*WHAT IS BEING ASKED*: Find the line with "- (2 * pi * \<i> * (1/R) * exp" in the entries below, then reproduce it and every line after it down to and including the line with "0 \<Longrightarrow> q", exactly.

*GIVEN RECORDS*:
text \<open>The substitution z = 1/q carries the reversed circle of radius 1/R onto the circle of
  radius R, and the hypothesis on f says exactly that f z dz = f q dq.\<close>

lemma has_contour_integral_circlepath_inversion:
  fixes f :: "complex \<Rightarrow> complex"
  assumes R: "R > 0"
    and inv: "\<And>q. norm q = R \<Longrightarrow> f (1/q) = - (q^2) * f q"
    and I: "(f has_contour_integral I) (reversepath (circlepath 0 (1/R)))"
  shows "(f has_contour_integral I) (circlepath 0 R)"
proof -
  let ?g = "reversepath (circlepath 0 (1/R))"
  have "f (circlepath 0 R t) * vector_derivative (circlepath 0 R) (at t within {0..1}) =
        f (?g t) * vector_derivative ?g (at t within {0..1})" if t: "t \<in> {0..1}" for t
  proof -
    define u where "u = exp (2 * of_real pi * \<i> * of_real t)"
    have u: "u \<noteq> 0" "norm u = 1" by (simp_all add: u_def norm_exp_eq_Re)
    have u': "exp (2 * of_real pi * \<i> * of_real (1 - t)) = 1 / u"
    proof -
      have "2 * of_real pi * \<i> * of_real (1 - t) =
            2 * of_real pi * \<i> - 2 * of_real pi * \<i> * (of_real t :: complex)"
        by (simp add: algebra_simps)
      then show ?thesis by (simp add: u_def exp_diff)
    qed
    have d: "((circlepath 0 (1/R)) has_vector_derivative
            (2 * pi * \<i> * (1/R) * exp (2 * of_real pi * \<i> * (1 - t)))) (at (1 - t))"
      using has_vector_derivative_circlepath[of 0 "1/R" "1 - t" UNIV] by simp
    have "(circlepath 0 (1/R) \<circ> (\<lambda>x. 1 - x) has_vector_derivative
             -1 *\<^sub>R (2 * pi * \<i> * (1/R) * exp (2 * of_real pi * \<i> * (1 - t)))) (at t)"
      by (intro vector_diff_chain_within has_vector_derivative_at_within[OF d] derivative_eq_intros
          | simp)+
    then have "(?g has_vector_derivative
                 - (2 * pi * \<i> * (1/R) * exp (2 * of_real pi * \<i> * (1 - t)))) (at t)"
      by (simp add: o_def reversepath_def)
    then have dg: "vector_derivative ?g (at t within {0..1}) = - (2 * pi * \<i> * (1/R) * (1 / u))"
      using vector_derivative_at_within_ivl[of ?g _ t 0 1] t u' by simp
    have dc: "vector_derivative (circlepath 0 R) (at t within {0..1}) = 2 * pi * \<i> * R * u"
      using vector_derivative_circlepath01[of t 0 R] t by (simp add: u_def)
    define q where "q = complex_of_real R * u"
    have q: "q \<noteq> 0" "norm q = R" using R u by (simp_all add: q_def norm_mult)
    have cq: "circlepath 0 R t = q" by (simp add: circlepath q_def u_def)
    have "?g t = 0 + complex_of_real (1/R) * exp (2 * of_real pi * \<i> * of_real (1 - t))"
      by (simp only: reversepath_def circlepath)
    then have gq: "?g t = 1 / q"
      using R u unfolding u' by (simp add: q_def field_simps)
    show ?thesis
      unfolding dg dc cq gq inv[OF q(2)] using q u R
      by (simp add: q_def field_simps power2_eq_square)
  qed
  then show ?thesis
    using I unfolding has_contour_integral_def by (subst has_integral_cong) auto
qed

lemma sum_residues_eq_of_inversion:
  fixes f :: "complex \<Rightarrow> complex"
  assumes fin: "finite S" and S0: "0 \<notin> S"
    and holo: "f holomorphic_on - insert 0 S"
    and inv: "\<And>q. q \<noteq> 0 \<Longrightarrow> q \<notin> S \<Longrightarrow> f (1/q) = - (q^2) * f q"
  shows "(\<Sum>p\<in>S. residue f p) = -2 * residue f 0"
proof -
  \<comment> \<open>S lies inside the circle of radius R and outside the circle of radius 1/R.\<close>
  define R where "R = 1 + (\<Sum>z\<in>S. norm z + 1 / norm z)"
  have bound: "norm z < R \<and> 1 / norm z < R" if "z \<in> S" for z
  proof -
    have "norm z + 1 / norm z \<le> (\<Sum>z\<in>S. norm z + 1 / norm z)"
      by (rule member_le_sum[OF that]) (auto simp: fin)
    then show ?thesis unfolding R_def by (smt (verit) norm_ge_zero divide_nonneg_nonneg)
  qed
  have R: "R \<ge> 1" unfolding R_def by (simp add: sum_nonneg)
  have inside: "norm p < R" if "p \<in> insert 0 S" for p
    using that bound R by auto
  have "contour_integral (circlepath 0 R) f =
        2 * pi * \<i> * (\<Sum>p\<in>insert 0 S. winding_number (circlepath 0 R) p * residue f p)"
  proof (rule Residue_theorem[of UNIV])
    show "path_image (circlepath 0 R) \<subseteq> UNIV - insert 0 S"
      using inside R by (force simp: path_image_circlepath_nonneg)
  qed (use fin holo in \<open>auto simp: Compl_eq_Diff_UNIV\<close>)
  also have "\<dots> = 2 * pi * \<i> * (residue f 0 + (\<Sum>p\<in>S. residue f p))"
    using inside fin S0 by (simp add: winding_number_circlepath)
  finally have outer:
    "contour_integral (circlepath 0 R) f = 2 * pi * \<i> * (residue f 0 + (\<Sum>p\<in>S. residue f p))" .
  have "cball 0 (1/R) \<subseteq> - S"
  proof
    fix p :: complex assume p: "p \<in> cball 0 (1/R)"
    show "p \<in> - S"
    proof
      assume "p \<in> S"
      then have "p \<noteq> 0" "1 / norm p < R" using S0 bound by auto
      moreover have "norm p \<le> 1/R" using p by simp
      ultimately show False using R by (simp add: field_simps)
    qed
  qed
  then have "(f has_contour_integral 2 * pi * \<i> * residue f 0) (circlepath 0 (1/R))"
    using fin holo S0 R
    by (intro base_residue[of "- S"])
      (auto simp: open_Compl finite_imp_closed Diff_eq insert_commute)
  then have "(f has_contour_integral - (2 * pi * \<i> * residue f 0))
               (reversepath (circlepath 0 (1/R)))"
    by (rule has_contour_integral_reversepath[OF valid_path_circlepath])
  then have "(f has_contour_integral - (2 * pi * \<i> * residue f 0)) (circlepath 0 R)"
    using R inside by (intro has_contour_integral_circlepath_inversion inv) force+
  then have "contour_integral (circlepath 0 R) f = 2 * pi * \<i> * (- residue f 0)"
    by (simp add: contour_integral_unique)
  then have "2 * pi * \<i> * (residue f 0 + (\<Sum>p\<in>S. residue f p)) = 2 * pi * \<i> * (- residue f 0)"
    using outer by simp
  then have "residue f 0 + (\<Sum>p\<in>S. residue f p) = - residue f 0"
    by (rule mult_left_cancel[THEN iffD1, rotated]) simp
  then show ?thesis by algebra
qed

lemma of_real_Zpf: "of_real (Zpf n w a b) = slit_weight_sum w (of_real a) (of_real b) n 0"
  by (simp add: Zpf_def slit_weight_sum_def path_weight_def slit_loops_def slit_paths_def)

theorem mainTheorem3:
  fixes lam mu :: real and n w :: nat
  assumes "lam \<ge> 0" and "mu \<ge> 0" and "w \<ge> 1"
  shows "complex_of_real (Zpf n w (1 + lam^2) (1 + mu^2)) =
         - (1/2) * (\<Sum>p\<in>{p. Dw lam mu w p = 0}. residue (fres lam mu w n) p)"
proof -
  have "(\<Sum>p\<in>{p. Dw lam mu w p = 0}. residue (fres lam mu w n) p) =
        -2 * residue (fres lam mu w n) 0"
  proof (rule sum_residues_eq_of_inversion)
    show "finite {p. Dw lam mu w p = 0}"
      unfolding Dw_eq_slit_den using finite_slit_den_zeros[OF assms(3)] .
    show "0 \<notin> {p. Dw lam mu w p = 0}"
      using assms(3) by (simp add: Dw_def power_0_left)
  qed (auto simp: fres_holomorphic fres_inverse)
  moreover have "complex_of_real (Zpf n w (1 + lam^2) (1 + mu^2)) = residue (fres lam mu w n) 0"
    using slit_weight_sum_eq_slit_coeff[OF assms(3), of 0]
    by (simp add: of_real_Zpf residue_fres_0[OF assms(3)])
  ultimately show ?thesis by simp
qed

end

...

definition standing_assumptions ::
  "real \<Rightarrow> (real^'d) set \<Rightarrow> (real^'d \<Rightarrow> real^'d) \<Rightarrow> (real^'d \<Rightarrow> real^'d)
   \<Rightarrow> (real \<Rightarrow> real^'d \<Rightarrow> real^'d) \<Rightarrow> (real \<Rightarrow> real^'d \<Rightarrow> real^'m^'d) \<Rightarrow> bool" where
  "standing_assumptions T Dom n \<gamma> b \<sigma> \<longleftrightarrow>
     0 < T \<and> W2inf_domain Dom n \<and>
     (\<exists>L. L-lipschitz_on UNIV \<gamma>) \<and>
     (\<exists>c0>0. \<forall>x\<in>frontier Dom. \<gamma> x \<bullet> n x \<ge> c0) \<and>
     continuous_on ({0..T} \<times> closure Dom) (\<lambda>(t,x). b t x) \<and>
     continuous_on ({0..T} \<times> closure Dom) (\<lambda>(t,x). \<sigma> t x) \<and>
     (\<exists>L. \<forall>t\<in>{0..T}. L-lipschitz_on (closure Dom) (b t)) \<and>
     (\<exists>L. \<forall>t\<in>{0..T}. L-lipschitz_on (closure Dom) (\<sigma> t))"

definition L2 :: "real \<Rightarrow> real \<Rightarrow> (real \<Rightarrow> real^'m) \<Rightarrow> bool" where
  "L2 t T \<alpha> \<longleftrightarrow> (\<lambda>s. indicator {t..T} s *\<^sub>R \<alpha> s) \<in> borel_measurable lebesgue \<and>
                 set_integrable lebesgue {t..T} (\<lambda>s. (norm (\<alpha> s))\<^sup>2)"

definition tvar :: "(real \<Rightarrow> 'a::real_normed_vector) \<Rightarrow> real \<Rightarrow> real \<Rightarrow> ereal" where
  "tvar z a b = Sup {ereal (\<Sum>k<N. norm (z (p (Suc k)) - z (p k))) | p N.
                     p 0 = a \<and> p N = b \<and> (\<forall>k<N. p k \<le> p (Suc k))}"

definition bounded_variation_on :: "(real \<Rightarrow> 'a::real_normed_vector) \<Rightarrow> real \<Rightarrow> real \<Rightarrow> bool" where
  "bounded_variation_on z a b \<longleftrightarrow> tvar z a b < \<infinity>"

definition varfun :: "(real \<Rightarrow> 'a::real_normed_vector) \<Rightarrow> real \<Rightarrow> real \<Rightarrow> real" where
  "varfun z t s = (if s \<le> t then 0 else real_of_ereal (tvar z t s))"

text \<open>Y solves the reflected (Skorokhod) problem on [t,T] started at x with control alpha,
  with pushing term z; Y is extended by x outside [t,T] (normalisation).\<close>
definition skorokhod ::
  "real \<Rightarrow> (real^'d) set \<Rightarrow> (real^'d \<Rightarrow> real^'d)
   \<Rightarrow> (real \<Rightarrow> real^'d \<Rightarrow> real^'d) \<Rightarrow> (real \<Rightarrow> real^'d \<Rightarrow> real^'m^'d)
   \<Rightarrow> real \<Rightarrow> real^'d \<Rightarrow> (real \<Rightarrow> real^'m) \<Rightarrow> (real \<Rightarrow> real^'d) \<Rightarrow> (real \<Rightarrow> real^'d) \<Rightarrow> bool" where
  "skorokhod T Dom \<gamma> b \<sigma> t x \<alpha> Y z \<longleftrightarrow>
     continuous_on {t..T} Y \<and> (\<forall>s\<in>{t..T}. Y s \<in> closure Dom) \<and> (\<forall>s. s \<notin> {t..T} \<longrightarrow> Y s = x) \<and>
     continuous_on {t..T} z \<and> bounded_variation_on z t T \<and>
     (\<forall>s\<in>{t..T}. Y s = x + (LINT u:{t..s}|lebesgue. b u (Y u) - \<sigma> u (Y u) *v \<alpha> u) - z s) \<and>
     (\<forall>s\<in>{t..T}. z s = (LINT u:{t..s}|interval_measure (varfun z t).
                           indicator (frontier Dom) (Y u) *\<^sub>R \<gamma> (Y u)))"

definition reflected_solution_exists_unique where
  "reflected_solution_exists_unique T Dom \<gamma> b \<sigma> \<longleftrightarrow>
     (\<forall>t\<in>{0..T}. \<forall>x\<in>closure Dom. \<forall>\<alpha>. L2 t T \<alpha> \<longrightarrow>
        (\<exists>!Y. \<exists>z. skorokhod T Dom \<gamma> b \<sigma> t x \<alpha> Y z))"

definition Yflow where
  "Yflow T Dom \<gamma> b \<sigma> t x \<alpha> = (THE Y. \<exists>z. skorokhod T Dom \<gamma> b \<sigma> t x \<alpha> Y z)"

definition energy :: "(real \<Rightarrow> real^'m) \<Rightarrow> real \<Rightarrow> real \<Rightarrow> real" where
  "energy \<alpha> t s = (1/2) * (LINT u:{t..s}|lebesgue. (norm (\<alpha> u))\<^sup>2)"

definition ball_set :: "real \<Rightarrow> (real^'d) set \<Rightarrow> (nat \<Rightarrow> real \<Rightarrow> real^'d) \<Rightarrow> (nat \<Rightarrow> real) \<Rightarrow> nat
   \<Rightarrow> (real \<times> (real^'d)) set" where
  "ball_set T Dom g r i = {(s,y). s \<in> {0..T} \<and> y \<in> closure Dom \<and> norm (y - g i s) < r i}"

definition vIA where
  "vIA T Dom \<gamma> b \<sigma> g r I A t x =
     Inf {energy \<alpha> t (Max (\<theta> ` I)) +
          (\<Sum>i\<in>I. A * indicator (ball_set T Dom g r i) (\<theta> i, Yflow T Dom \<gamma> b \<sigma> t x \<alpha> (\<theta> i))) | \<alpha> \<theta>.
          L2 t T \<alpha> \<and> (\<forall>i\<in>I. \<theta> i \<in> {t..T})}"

--

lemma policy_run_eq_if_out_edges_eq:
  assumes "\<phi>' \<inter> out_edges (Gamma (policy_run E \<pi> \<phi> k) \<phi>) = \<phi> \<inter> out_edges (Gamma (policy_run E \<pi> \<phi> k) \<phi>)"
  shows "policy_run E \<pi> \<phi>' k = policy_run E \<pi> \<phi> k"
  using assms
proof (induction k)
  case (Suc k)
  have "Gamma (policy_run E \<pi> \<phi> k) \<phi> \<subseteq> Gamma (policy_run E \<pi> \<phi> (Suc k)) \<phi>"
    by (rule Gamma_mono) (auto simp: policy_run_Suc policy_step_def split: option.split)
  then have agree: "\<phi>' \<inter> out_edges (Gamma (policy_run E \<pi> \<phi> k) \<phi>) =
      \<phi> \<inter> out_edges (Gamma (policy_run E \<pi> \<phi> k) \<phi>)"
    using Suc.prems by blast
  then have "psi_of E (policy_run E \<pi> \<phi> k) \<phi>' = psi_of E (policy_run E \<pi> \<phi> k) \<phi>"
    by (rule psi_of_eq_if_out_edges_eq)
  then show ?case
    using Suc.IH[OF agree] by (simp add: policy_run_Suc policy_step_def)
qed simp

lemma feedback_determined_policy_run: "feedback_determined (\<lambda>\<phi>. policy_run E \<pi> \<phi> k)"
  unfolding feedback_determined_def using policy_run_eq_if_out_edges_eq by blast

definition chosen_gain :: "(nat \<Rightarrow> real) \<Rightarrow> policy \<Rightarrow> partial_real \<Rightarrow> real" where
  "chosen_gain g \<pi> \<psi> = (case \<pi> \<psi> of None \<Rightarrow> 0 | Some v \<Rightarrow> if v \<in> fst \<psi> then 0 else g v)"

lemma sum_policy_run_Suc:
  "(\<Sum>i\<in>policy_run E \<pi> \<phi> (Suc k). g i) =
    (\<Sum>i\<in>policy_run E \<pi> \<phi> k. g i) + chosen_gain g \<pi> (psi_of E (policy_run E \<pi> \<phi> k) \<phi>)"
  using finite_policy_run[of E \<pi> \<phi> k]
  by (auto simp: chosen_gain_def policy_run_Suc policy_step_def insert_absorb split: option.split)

*ANSWER TO THE EXERCISE*:
                 - (2 * pi * \<i> * (1/R) * exp (2 * of_real pi * \<i> * (1 - t)))) (at t)"
      by (simp add: o_def reversepath_def)
    then have dg: "vector_derivative ?g (at t within {0..1}) = - (2 * pi * \<i> * (1/R) * (1 / u))"
      using vector_derivative_at_within_ivl[of ?g _ t 0 1] t u' by simp
    have dc: "vector_derivative (circlepath 0 R) (at t within {0..1}) = 2 * pi * \<i> * R * u"
      using vector_derivative_circlepath01[of t 0 R] t by (simp add: u_def)
    define q where "q = complex_of_real R * u"
    have q: "q \<noteq> 0" "norm q = R" using R u by (simp_all add: q_def norm_mult)
    have cq: "circlepath 0 R t = q" by (simp add: circlepath q_def u_def)
    have "?g t = 0 + complex_of_real (1/R) * exp (2 * of_real pi * \<i> * of_real (1 - t))"
      by (simp only: reversepath_def circlepath)
    then have gq: "?g t = 1 / q"
      using R u unfolding u' by (simp add: q_def field_simps)
    show ?thesis
      unfolding dg dc cq gq inv[OF q(2)] using q u R
      by (simp add: q_def field_simps power2_eq_square)
  qed
  then show ?thesis
    using I unfolding has_contour_integral_def by (subst has_integral_cong) auto
qed

lemma sum_residues_eq_of_inversion:
  fixes f :: "complex \<Rightarrow> complex"
  assumes fin: "finite S" and S0: "0 \<notin> S"
    and holo: "f holomorphic_on - insert 0 S"
    and inv: "\<And>q. q \<noteq> 0 \<Longrightarrow> q \<notin> S \<Longrightarrow> f (1/q) = - (q^2) * f q"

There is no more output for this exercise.